ASSIGNMENT — Output only the lines below that start at the line containing "if n \<in> A" and end at the line containing "u = (\<Sum>n.", with both ends kept.

SOURCE INFORMATION —
lemma GW_max_lt_prob_Suc:
  assumes "k \<ge> 1"
  shows "GW_max_lt_prob p (Suc k) y = GW_max_lt_prob p 1 y * GW_max_lt_prob p k y"
proof -
  have eq: "forests_below (Suc k) y =
      (\<lambda>(a, b). a @ b) ` Sigma (forests_below 1 y) (\<lambda>_. forests_below k y)"
  proof (intro equalityI subsetI)
    fix xs assume "xs \<in> forests_below (Suc k) y"
    then obtain ys zs where "xs = ys @ zs" "lukasiewicz 1 ys" "lukasiewicz k zs" "\<forall>a\<in>set xs. real a < y"
      using lukasiewicz_add_iff[of 1 k xs] assms unfolding forests_below_def by auto
    then show "xs \<in> (\<lambda>(a, b). a @ b) ` Sigma (forests_below 1 y) (\<lambda>_. forests_below k y)"
      unfolding forests_below_def by force
  next
    fix xs assume "xs \<in> (\<lambda>(a, b). a @ b) ` Sigma (forests_below 1 y) (\<lambda>_. forests_below k y)"
    then obtain a b where "xs = a @ b" "a \<in> forests_below 1 y" "b \<in> forests_below k y"
      by auto
    then show "xs \<in> forests_below (Suc k) y"
      using lukasiewicz_add_iff[of 1 k xs] assms unfolding forests_below_def by auto
  qed
  have inj: "inj_on (\<lambda>(a, b). a @ b) (Sigma (forests_below 1 y) (\<lambda>_. forests_below k y))"
    unfolding inj_on_def forests_below_def by (force dest: lukasiewicz_append_unique)
  have "((\<lambda>(a, b). forest_weight p a * forest_weight p b) has_sum
        GW_max_lt_prob p 1 y * GW_max_lt_prob p k y) (Sigma (forests_below 1 y) (\<lambda>_. forests_below k y))"
  proof -
    have "((\<lambda>b. forest_weight p a * forest_weight p b) has_sum forest_weight p a * GW_max_lt_prob p k y)
        (forests_below k y)" for a
      using GW_max_lt_prob_has_sum[OF assms] by (rule has_sum_cmult_right)
    moreover have "((\<lambda>a. forest_weight p a * GW_max_lt_prob p k y) has_sum
        GW_max_lt_prob p 1 y * GW_max_lt_prob p k y) (forests_below 1 y)"
      using GW_max_lt_prob_has_sum[of 1] by (intro has_sum_cmult_left) simp
    ultimately show ?thesis
      by (intro has_sum_Sigma_nonneg) (auto simp: forest_weight_nonneg)
  qed
  then have "(forest_weight p has_sum GW_max_lt_prob p 1 y * GW_max_lt_prob p k y) (forests_below (Suc k) y)"
    unfolding eq has_sum_reindex[OF inj] by (simp add: comp_def case_prod_unfold forest_weight_append)
  from has_sum_unique[OF GW_max_lt_prob_has_sum this] show ?thesis by simp
qed

lemma GW_max_lt_prob_power: "k \<ge> 1 \<Longrightarrow> GW_max_lt_prob p k y = GW_max_lt_prob p 1 y ^ k"
  by (induction k rule: dec_induct) (simp_all add: GW_max_lt_prob_Suc)

lemma finite_nat_below_real: "finite {n::nat. real n < y}"
  by (rule finite_subset[of _ "{..nat \<lceil>y\<rceil>}"]) (auto, linarith)

lemma GW_max_lt_prob_fixpoint:
  "GW_max_lt_prob p 1 y = (\<Sum>n | real n < y. pmf p n * GW_max_lt_prob p 1 y ^ n)"
proof -
  define I where "I = {n::nat. real n < y}"
  define D where "D n = (if n = 0 then {[]} else forests_below n y)" for n
  have eq: "forests_below 1 y = (\<lambda>(n, rs). n # rs) ` Sigma I D"
  proof (intro equalityI subsetI)
    fix xs assume xs: "xs \<in> forests_below 1 y"
    then obtain n rs where "xs = n # rs"
      unfolding forests_below_def by (cases xs) auto
    with xs show "xs \<in> (\<lambda>(n, rs). n # rs) ` Sigma I D"
      unfolding forests_below_def D_def I_def by (force simp: lukasiewicz_Cons)
  qed (auto simp: forests_below_def D_def I_def lukasiewicz_Cons split: if_splits)
  have inj: "inj_on (\<lambda>(n, rs). n # rs) (Sigma I D)"
    by (auto simp: inj_on_def)
  have fibre: "(forest_weight p has_sum GW_max_lt_prob p 1 y ^ n) (D n)" for n
    using GW_max_lt_prob_has_sum[of n] GW_max_lt_prob_power[of n] has_sum_finite[of "{[]}" "forest_weight p"]
    by (cases "n = 0") (simp_all add: D_def)
  have "((\<lambda>(n, rs). pmf p n * forest_weight p rs) has_sum
          (\<Sum>n\<in>I. pmf p n * GW_max_lt_prob p 1 y ^ n)) (Sigma I D)"
    using has_sum_cmult_right[OF fibre] has_sum_finite[OF finite_nat_below_real[of y]]
    by (intro has_sum_Sigma_nonneg[where g = "\<lambda>n. pmf p n * GW_max_lt_prob p 1 y ^ n"])
       (auto simp: I_def forest_weight_nonneg)
  then have "(forest_weight p has_sum (\<Sum>n\<in>I. pmf p n * GW_max_lt_prob p 1 y ^ n)) (forests_below 1 y)"
    unfolding eq has_sum_reindex[OF inj] by (simp add: comp_def case_prod_unfold)
  from has_sum_unique[OF GW_max_lt_prob_has_sum this] show ?thesis by (simp add: I_def)
qed

section \<open>Tails and the generating function\<close>

lemma tail_fun_antimono: "x \<le> y \<Longrightarrow> tail_fun p y \<le> tail_fun p x"
  unfolding tail_fun_def by (intro measure_pmf.finite_measure_mono) auto

lemma tail_fun_nat_floor:
  assumes "t \<ge> 0"
  shows "tail_fun p (real (nat \<lfloor>t\<rfloor>)) = tail_fun p t"
proof -
  have "real (nat \<lfloor>t\<rfloor>) < real i \<longleftrightarrow> t < real i" for i
    using assms floor_less_iff[of t "int i"] by linarith
  then show ?thesis unfolding tail_fun_def by simp
qed

lemma tail_fun_le_prob_ge: "tail_fun p y \<le> measure_pmf.prob p {n. real n \<ge> y}"
  unfolding tail_fun_def by (intro measure_pmf.finite_measure_mono) auto

lemma prob_ge_le_tail_fun: "measure_pmf.prob p {n. real n \<ge> y} \<le> tail_fun p (y - 1)"
  unfolding tail_fun_def by (intro measure_pmf.finite_measure_mono) auto

definition second_order_rem :: "real \<Rightarrow> nat \<Rightarrow> real" where
  "second_order_rem u n = (\<Sum>j<n. \<Sum>i<j. (1 - u) ^ i)"

lemma second_order_rem_Suc:
  "second_order_rem u (Suc n) = second_order_rem u n + (\<Sum>i<n. (1 - u) ^ i)"
  by (simp add: second_order_rem_def)

lemma power_eq_second_order_rem: "(1 - u) ^ n - 1 + real n * u = u\<^sup>2 * second_order_rem u n"
proof (induction n)
  case 0
  then show ?case by (simp add: second_order_rem_def)
next
  case (Suc n)
  have geometric: "1 - (1 - u) ^ n = u * (\<Sum>i<n. (1 - u) ^ i)"
    using one_diff_power_eq[of "1 - u" n] by simp
  have "(1 - u) ^ Suc n - 1 + real (Suc n) * u
        = ((1 - u) ^ n - 1 + real n * u) + u * (1 - (1 - u) ^ n)"
    by (simp add: algebra_simps)
  also have "\<dots> = u\<^sup>2 * second_order_rem u (Suc n)"
    unfolding Suc.IH geometric second_order_rem_Suc by (simp add: algebra_simps power2_eq_square)
  finally show ?case .
qed

lemma second_order_rem_nonneg: "u \<le> 1 \<Longrightarrow> second_order_rem u n \<ge> 0"
  unfolding second_order_rem_def by (intro sum_nonneg) auto

lemma second_order_rem_le: "0 \<le> u \<Longrightarrow> u \<le> 1 \<Longrightarrow> second_order_rem u n \<le> second_order_rem 0 n"
  unfolding second_order_rem_def by (intro sum_mono) (auto intro!: power_le_one)

lemma second_order_rem_ge_1:
  assumes "u \<le> 1" "n \<ge> 2"
  shows "second_order_rem u n \<ge> 1"
proof -
  have "second_order_rem u n = second_order_rem u 2 + (\<Sum>j\<in>{2..<n}. \<Sum>i<j. (1 - u) ^ i)"
    unfolding second_order_rem_def using assms(2)
    by (metis lessThan_atLeast0 sum.atLeastLessThan_concat zero_le)
  moreover have "(\<Sum>j\<in>{2..<n}. \<Sum>i<j. (1 - u) ^ i) \<ge> 0"
    using assms(1) by (intro sum_nonneg) auto
  ultimately show ?thesis by (simp add: second_order_rem_def numeral_2_eq_2)
qed

lemma second_order_rem_0: "2 * second_order_rem 0 n = (real n)\<^sup>2 - real n"
  by (induction n) (simp_all add: second_order_rem_def power2_eq_square algebra_simps)

lemma second_order_rem_le_square: "second_order_rem 0 n \<le> (real n)\<^sup>2"
  using second_order_rem_0[of n] zero_le_power2[of "real n"] of_nat_0_le_iff[of n] by linarith

lemma pmf_sums_prob: "(\<lambda>n. if n \<in> A then pmf p n else 0) sums measure_pmf.prob p A"
  using sums_infsetsum_nat[OF pmf_abs_summable] by (simp add: measure_pmf_conv_infsetsum)

lemma pmf_sums_1: "pmf p sums 1"
  using pmf_sums_prob[of UNIV p] by simp

lemma prob_ge_sums: "(\<lambda>n. if y \<le> real n then pmf p n else 0) sums measure_pmf.prob p {n. real n \<ge> y}"
  using pmf_sums_prob[of "{n. real n \<ge> y}" p] by simp

lemma tail_fun_sums: "(\<lambda>n. if x < real n then pmf p n else 0) sums tail_fun p x"
  using pmf_sums_prob[of "{n. real n > x}" p] unfolding tail_fun_def by simp

definition pgf_second_order_rem :: "nat pmf \<Rightarrow> real \<Rightarrow> real" where
  "pgf_second_order_rem p u = (\<Sum>n. pmf p n * second_order_rem u n)"

lemma summable_pgf_second_order_rem:
  assumes var: "summable (\<lambda>n. (real n)\<^sup>2 * pmf p n)" and u: "0 \<le> u" "u \<le> 1"
  shows "summable (\<lambda>n. pmf p n * second_order_rem u n)"
proof (rule summable_comparison_test'[OF var])
  fix n
  have "second_order_rem u n \<le> (real n)\<^sup>2"
    using second_order_rem_le[OF u, of n] second_order_rem_le_square[of n] by linarith
  then show "norm (pmf p n * second_order_rem u n) \<le> (real n)\<^sup>2 * pmf p n"
    using second_order_rem_nonneg[OF u(2), of n] by (simp add: mult.commute[of "pmf p n"] mult_right_mono)
qed

lemma pgf_second_order_rem_0:
  assumes var: "summable (\<lambda>n. (real n)\<^sup>2 * pmf p n)"
    and mean: "summable (\<lambda>n. real n * pmf p n)" "(\<Sum>n. real n * pmf p n) = 1"
  shows "2 * pgf_second_order_rem p 0 = (\<Sum>n. (real n)\<^sup>2 * pmf p n) - 1"
proof -
  have "2 * pgf_second_order_rem p 0 = (\<Sum>n. pmf p n * (2 * second_order_rem 0 n))"
    unfolding pgf_second_order_rem_def
    using summable_pgf_second_order_rem[OF var, of 0] by (simp add: suminf_mult[symmetric] ac_simps)
  also have "\<dots> = (\<Sum>n. (real n)\<^sup>2 * pmf p n - real n * pmf p n)"
    unfolding second_order_rem_0 by (simp add: algebra_simps)
  also have "\<dots> = (\<Sum>n. (real n)\<^sup>2 * pmf p n) - (\<Sum>n. real n * pmf p n)"
    using var mean(1) by (rule suminf_diff[symmetric])
  finally show ?thesis using mean(2) by simp
qed

lemma pgf_second_order_rem_ge_pmf:
  assumes var: "summable (\<lambda>n. (real n)\<^sup>2 * pmf p n)" and u: "0 \<le> u" "u \<le> 1"
    and n0: "n0 \<ge> 2"
  shows "pgf_second_order_rem p u \<ge> pmf p n0"
proof -
  have "pmf p n0 \<le> pmf p n0 * second_order_rem u n0"
    using second_order_rem_ge_1[OF u(2) n0] by (simp add: mult_le_cancel_left1)
  also have "\<dots> \<le> pgf_second_order_rem p u"
    unfolding pgf_second_order_rem_def
    using summable_pgf_second_order_rem[OF var u] second_order_rem_nonneg[OF u(2)]
    by (intro sum_le_suminf[where I = "{n0}", simplified]) auto
  finally show ?thesis .
qed

lemma tendsto_pgf_second_order_rem:
  assumes var: "summable (\<lambda>n. (real n)\<^sup>2 * pmf p n)"
    and u: "(u \<longlongrightarrow> 0) F" "eventually (\<lambda>k. 0 \<le> u k \<and> u k \<le> 1) F" and F: "F \<noteq> bot"
  shows "((\<lambda>k. pgf_second_order_rem p (u k)) \<longlongrightarrow> pgf_second_order_rem p 0) F"
proof -
  have bound: "eventually (\<lambda>(n, k). norm (pmf p n * second_order_rem (u k) n)
                  \<le> pmf p n * second_order_rem 0 n) (at_top \<times>\<^sub>F F)"
    unfolding eventually_prod_filter
    using u(2) second_order_rem_le second_order_rem_nonneg
    by (intro exI[of _ "\<lambda>_. True"] exI[of _ "\<lambda>k. 0 \<le> u k \<and> u k \<le> 1"]) (auto intro!: mult_left_mono)
  have "((\<lambda>k. pmf p n * second_order_rem (u k) n) \<longlongrightarrow> pmf p n * second_order_rem 0 n) F" for n
    unfolding second_order_rem_def by (intro tendsto_intros u(1))
  from tannerys_theorem[OF this bound summable_pgf_second_order_rem[OF var] F] show ?thesis
    by (simp add: pgf_second_order_rem_def)
qed

definition pgf_above :: "nat pmf \<Rightarrow> real \<Rightarrow> real \<Rightarrow> real" where
  "pgf_above p y q = (\<Sum>n. if y \<le> real n then pmf p n * q ^ n else 0)"

lemma summable_pgf_above:
  assumes "0 \<le> q" "q \<le> 1"
  shows "summable (\<lambda>n. if y \<le> real n then pmf p n * q ^ n else 0)"
  using assms
  by (intro summable_comparison_test'[OF sums_summable[OF prob_ge_sums[of y p]]])
     (auto intro!: mult_left_le power_le_one)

ANSWER BELOW —
lemma pmf_sums_prob: "(\<lambda>n. if n \<in> A then pmf p n else 0) sums measure_pmf.prob p A"
  using sums_infsetsum_nat[OF pmf_abs_summable] by (simp add: measure_pmf_conv_infsetsum)

lemma pmf_sums_1: "pmf p sums 1"
  using pmf_sums_prob[of UNIV p] by simp

lemma prob_ge_sums: "(\<lambda>n. if y \<le> real n then pmf p n else 0) sums measure_pmf.prob p {n. real n \<ge> y}"
  using pmf_sums_prob[of "{n. real n \<ge> y}" p] by simp

lemma tail_fun_sums: "(\<lambda>n. if x < real n then pmf p n else 0) sums tail_fun p x"
  using pmf_sums_prob[of "{n. real n > x}" p] unfolding tail_fun_def by simp

definition pgf_second_order_rem :: "nat pmf \<Rightarrow> real \<Rightarrow> real" where
  "pgf_second_order_rem p u = (\<Sum>n. pmf p n * second_order_rem u n)"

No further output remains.